Excerpted data:
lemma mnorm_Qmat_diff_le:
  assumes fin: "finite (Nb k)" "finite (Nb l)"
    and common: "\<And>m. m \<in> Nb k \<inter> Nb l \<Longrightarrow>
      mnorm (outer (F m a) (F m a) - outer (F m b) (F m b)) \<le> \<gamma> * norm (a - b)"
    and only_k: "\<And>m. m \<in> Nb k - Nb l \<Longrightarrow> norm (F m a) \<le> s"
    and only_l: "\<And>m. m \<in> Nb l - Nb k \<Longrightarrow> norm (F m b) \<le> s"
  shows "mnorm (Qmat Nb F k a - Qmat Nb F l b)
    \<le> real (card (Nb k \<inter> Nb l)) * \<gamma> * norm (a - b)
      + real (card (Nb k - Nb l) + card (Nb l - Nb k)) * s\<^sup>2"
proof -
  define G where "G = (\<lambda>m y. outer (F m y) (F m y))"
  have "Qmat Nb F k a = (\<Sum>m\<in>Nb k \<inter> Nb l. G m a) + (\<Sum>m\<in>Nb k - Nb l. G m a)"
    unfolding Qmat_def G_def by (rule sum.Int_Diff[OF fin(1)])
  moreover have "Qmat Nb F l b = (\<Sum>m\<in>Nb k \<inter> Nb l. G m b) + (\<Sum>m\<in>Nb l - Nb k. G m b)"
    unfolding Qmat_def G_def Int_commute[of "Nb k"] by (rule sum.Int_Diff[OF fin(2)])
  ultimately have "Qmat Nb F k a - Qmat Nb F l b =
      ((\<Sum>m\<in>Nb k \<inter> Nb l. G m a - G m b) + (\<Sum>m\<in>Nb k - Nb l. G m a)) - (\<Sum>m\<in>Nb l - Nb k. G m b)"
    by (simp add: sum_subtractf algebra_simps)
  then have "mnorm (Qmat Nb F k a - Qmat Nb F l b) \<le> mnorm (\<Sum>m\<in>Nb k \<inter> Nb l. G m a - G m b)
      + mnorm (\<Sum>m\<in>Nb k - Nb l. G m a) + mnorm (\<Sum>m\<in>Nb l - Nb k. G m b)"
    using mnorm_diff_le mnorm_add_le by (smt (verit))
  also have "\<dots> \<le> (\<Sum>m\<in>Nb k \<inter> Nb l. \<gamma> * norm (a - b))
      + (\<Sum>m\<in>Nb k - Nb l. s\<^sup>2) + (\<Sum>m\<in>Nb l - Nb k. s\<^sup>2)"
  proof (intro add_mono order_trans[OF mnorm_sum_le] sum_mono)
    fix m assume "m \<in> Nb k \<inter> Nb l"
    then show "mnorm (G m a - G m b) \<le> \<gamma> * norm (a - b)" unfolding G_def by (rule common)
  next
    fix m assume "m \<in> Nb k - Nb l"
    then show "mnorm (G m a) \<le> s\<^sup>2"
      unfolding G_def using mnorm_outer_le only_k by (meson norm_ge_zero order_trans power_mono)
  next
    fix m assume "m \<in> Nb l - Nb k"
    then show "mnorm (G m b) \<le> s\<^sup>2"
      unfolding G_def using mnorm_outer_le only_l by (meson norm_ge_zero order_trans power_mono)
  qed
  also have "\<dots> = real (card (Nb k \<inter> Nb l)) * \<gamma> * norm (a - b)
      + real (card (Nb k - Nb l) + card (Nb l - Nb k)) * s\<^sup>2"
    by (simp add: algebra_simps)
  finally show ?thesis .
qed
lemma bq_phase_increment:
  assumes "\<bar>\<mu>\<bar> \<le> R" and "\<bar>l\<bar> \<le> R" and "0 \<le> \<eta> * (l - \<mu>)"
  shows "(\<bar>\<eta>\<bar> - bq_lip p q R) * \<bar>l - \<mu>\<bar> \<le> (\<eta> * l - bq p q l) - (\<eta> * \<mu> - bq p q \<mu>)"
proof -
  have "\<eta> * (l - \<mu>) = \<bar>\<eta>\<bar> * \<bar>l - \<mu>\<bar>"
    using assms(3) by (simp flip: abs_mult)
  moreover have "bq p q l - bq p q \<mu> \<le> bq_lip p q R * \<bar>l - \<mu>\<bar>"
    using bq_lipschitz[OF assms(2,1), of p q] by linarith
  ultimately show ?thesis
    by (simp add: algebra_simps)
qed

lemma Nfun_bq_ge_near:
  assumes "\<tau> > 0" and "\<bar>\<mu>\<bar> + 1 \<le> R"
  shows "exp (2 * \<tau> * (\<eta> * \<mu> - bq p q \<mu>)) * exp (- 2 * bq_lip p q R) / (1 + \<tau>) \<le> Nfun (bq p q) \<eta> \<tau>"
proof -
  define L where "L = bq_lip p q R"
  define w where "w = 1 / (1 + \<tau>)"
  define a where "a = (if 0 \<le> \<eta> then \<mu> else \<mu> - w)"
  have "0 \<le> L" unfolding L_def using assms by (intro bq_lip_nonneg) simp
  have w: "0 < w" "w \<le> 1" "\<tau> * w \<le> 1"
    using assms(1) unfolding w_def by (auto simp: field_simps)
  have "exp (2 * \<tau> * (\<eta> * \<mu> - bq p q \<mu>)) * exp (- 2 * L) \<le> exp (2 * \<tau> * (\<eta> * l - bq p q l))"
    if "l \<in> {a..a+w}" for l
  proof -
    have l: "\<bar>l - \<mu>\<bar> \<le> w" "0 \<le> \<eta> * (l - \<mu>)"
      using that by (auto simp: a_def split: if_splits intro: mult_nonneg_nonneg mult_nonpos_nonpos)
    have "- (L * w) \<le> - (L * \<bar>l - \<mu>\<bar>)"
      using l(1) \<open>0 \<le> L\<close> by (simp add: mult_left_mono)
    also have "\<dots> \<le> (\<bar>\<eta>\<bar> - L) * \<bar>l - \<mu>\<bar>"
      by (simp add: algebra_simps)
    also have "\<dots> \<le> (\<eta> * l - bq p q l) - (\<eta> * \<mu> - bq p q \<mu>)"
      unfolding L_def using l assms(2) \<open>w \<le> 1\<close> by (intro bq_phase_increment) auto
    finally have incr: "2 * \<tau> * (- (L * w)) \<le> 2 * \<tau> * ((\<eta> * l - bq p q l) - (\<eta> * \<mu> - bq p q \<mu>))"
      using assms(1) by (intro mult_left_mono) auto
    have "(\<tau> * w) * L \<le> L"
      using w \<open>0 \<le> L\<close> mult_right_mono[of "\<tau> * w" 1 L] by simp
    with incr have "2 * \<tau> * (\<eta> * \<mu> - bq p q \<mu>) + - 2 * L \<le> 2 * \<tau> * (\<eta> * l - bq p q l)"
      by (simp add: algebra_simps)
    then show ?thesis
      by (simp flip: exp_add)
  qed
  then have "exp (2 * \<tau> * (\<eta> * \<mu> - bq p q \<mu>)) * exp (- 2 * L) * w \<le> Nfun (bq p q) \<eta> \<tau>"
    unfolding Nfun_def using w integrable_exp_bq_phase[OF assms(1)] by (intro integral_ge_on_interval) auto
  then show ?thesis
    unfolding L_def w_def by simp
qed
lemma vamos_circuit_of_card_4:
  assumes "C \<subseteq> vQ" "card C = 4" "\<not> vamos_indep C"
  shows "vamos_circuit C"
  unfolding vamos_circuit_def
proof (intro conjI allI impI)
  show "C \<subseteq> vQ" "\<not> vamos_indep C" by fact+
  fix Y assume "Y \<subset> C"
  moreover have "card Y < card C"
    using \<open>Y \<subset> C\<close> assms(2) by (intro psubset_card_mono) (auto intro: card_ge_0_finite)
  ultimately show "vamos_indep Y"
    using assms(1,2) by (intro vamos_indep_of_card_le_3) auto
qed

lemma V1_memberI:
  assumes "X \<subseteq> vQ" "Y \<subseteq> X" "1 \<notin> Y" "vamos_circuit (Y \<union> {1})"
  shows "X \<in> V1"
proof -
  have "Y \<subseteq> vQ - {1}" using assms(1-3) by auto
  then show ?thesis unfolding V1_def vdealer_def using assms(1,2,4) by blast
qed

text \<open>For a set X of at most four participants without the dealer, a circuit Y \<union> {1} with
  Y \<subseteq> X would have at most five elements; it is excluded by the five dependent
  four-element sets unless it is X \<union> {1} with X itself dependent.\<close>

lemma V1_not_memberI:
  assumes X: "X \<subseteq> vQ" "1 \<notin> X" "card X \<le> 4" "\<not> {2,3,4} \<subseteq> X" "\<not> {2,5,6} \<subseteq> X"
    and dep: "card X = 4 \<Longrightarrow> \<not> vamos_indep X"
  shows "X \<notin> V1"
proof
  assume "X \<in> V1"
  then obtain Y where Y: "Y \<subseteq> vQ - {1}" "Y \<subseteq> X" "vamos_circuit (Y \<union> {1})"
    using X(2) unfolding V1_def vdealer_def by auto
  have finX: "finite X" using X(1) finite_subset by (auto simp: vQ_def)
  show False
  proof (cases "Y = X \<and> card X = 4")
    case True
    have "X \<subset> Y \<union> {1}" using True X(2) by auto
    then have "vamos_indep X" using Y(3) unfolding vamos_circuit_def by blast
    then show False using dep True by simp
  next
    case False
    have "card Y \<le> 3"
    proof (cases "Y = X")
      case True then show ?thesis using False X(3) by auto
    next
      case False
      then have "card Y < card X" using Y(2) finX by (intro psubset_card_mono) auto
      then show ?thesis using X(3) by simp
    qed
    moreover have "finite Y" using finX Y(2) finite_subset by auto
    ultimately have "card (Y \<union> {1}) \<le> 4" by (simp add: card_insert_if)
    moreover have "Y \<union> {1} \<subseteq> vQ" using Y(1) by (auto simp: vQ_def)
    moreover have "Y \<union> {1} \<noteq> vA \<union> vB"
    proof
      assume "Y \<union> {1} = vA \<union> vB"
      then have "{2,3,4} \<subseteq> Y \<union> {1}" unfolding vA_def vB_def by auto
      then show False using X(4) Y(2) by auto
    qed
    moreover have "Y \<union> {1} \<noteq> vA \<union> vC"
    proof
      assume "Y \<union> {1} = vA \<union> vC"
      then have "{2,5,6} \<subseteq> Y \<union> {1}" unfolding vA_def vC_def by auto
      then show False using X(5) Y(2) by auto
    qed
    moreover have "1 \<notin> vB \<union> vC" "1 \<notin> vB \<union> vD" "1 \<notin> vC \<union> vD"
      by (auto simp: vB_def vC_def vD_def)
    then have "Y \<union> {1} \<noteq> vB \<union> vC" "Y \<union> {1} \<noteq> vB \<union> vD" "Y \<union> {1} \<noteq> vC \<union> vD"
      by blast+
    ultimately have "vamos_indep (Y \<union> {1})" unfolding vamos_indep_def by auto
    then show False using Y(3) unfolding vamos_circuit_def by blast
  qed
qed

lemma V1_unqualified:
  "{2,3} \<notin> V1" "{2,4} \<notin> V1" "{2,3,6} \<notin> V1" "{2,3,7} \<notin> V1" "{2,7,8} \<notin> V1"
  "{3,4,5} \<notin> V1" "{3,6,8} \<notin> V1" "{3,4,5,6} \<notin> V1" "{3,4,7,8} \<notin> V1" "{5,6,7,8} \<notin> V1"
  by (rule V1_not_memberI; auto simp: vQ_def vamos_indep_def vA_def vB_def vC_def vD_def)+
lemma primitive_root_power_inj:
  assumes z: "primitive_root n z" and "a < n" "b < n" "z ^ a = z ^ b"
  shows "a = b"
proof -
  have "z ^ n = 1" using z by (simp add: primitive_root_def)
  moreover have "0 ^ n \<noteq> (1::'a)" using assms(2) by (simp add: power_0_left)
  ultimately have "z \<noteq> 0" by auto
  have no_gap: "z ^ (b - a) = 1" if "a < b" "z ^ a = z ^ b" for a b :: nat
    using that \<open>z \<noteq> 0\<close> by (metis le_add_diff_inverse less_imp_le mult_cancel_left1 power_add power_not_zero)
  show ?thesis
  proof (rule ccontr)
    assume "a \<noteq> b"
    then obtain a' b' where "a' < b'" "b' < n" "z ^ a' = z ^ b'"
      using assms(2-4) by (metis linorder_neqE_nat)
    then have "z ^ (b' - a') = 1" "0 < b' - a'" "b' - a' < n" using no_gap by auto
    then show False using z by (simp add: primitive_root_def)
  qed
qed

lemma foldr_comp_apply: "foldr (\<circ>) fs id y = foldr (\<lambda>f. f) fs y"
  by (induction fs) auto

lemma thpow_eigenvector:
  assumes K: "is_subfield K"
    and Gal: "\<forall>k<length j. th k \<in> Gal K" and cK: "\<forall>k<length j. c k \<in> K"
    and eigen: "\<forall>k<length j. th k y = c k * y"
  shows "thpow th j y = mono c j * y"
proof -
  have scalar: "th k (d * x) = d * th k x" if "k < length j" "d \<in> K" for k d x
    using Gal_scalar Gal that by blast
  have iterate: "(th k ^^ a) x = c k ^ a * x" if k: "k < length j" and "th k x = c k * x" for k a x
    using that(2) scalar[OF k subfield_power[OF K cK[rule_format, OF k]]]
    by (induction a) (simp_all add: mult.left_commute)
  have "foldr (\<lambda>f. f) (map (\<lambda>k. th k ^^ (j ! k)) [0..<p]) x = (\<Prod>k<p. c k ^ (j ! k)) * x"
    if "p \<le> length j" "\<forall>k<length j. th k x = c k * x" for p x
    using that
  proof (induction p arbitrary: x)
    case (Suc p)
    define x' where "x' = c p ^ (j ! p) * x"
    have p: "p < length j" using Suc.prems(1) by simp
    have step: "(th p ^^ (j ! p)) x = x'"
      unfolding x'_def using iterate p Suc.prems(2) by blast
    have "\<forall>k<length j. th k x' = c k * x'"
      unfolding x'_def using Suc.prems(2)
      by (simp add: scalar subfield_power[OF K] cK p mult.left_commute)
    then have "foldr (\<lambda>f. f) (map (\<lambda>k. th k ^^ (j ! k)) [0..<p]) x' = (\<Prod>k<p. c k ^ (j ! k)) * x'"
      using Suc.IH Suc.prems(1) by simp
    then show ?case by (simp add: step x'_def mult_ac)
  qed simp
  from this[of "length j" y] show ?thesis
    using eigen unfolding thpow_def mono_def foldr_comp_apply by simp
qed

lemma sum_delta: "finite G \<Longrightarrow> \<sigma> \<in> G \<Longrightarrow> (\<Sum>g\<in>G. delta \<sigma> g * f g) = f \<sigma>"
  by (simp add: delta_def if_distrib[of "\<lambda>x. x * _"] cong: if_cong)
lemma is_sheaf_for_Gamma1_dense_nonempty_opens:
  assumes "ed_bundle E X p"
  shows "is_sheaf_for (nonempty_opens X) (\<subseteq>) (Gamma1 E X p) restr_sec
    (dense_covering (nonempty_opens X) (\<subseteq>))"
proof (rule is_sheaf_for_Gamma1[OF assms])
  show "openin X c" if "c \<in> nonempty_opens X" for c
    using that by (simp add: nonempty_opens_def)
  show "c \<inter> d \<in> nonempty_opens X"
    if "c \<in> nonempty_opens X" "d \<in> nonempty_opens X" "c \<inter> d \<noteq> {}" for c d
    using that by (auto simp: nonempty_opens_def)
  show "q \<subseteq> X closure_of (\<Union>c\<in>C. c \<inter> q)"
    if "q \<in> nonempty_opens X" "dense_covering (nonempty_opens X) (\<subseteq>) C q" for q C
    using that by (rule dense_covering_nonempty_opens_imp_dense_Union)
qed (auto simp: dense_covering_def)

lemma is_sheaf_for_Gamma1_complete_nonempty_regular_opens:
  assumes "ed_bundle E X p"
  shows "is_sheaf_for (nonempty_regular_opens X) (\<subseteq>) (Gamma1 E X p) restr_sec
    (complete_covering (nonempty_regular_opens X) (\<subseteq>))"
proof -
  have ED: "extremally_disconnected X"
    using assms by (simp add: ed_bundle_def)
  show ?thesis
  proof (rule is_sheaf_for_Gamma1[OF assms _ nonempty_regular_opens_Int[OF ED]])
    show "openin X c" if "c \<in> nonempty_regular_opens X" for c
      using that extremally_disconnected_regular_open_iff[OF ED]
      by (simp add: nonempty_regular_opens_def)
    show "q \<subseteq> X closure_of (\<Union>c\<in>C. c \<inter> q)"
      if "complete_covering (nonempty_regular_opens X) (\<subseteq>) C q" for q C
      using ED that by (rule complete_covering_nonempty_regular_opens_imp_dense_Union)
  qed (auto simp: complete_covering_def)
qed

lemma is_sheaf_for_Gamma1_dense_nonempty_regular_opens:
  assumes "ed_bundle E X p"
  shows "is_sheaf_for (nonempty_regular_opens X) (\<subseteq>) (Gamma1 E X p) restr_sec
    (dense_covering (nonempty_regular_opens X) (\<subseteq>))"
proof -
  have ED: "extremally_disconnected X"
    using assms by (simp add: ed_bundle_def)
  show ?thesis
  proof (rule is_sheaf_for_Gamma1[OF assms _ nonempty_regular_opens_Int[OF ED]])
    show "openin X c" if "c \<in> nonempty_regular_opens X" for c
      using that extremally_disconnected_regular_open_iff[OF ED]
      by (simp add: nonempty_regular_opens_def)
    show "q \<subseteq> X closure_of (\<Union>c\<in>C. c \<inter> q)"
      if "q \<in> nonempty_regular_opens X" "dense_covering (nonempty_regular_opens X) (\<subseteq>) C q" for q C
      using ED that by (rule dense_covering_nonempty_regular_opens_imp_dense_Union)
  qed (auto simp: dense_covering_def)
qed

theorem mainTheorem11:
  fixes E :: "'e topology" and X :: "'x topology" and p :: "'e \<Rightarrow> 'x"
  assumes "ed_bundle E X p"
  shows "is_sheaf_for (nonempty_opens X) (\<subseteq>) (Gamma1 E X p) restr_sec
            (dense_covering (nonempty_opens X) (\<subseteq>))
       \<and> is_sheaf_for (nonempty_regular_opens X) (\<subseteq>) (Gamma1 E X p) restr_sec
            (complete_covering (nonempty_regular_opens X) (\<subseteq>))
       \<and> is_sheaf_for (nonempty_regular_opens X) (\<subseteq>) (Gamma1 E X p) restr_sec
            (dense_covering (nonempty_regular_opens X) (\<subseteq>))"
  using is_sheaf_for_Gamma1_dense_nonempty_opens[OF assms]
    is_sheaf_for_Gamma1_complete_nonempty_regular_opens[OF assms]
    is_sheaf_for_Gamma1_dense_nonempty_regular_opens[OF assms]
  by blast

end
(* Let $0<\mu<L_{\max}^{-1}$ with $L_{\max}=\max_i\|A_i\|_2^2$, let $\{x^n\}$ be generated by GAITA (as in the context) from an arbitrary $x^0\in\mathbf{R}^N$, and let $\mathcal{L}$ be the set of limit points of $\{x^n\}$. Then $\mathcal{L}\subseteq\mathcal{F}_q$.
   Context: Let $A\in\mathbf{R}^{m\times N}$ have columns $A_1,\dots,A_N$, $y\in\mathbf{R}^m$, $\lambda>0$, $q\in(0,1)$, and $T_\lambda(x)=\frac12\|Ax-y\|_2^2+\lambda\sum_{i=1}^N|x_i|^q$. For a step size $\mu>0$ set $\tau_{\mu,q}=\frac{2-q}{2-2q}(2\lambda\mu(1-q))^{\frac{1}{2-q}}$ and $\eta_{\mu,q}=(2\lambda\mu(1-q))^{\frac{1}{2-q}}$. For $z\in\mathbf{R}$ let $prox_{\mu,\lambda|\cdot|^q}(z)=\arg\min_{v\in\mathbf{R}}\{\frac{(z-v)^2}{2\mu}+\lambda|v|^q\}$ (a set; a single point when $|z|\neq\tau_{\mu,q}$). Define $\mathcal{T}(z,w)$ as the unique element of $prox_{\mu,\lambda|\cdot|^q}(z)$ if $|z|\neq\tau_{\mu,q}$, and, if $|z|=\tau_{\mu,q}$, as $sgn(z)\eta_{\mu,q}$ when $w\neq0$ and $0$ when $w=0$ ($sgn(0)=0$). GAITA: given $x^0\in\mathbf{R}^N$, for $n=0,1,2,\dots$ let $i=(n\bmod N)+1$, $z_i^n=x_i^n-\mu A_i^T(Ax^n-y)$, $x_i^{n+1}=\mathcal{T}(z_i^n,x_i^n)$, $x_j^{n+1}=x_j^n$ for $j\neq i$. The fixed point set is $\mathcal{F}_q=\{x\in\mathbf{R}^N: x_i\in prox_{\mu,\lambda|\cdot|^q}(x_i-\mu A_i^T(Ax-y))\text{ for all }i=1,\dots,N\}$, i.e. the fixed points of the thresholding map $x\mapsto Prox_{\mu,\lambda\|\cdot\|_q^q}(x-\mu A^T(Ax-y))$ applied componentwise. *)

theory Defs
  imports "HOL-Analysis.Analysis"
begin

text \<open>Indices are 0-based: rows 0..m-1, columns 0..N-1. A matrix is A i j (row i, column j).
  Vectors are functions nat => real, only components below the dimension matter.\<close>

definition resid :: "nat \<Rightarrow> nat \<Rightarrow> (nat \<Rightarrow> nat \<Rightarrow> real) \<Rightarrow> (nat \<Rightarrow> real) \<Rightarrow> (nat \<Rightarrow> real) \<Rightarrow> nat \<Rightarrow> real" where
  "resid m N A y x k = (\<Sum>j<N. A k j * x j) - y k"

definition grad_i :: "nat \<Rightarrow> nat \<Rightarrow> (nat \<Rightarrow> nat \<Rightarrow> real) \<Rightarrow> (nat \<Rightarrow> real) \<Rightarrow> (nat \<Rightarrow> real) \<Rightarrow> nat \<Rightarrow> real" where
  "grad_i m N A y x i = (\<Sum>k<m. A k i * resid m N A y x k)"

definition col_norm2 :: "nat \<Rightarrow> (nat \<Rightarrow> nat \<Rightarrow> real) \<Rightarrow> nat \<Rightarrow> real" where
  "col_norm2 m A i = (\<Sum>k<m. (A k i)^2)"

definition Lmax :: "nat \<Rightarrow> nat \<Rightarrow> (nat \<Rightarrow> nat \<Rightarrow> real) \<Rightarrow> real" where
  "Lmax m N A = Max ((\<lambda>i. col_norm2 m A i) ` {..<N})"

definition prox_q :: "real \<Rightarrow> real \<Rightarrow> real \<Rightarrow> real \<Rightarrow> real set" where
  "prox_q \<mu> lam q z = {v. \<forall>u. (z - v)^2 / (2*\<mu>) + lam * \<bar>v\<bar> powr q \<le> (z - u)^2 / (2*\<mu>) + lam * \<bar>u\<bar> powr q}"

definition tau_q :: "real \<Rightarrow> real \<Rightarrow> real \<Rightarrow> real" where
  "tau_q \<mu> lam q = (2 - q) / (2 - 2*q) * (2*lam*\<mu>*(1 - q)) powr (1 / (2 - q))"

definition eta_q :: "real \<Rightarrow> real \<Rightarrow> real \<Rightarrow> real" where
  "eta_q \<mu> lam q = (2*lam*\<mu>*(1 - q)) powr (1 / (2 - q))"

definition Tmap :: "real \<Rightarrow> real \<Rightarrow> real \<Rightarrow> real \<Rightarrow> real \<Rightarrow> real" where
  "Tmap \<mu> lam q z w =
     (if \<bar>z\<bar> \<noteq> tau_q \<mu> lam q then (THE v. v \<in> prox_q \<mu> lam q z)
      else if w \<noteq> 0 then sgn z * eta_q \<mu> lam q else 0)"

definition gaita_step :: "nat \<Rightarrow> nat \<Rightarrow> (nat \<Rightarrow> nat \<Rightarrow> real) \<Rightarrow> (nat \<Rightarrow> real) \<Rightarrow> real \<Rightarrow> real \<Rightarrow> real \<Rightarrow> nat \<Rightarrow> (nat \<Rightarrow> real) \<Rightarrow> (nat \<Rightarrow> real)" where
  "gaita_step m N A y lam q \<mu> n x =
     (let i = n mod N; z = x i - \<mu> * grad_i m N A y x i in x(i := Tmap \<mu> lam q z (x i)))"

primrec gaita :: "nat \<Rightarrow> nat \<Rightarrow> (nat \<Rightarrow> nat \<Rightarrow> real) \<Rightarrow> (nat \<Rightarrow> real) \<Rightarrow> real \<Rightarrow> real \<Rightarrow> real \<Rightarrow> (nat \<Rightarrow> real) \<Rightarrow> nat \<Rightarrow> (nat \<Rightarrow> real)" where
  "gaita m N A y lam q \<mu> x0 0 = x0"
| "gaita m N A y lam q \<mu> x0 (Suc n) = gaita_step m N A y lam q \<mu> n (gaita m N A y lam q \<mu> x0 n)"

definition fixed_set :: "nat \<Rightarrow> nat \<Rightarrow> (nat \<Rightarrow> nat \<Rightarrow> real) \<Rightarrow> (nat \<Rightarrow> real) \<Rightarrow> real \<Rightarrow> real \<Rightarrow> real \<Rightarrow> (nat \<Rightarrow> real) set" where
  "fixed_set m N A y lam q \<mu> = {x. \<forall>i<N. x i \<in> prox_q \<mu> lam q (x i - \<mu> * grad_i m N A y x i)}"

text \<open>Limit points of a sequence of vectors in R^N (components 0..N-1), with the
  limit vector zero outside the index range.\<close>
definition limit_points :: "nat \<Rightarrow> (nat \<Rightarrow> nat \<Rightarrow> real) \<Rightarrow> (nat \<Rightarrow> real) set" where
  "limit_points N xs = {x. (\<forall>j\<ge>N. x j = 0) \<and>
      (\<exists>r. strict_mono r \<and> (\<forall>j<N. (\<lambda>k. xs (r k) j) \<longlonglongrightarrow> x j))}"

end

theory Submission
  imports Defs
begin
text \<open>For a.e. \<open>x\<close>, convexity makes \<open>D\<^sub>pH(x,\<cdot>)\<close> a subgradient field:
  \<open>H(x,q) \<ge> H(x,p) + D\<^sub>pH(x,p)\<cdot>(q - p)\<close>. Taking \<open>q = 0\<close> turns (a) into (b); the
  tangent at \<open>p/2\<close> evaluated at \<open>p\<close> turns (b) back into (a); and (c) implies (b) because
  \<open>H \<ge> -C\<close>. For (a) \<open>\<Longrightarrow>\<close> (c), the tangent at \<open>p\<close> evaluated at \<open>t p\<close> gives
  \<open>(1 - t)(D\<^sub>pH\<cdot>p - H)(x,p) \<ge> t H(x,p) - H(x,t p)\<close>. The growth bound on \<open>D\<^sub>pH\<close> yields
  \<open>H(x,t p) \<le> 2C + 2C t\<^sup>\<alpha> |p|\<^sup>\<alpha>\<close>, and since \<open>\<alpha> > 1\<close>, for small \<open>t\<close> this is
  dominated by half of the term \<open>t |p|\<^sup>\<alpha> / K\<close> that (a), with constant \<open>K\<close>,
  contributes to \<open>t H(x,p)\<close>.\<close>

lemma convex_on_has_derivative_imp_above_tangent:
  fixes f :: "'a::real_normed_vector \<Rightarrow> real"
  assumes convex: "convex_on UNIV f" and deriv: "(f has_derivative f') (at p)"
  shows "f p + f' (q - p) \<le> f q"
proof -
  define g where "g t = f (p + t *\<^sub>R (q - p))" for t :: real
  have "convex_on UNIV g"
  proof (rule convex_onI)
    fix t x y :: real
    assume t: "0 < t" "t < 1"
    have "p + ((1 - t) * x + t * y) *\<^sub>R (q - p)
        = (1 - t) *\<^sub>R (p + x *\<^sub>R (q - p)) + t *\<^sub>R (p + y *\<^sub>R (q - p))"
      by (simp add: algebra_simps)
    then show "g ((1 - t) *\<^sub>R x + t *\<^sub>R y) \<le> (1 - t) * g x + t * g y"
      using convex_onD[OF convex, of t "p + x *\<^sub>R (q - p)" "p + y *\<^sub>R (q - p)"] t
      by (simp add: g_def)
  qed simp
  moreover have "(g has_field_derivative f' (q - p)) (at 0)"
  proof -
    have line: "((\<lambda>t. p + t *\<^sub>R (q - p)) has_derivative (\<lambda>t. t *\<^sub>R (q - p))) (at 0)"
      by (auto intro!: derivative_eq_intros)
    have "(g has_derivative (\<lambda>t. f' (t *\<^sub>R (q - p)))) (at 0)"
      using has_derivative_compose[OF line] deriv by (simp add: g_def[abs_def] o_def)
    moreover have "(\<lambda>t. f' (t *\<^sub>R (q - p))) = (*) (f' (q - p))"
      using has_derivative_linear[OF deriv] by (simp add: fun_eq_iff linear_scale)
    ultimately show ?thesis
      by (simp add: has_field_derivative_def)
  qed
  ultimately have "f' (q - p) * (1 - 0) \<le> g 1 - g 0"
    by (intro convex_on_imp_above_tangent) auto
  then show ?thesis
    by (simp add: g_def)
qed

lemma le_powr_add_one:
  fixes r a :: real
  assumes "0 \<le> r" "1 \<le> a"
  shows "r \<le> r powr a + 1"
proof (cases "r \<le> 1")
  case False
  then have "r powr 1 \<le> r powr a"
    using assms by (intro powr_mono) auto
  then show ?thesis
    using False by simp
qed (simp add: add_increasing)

Required action: Search the data above for "finX" and copy every line where it turns up.

Exercise result:
  have finX: "finite X" using X(1) finite_subset by (auto simp: vQ_def)
      then have "card Y < card X" using Y(2) finX by (intro psubset_card_mono) auto
    moreover have "finite Y" using finX Y(2) finite_subset by auto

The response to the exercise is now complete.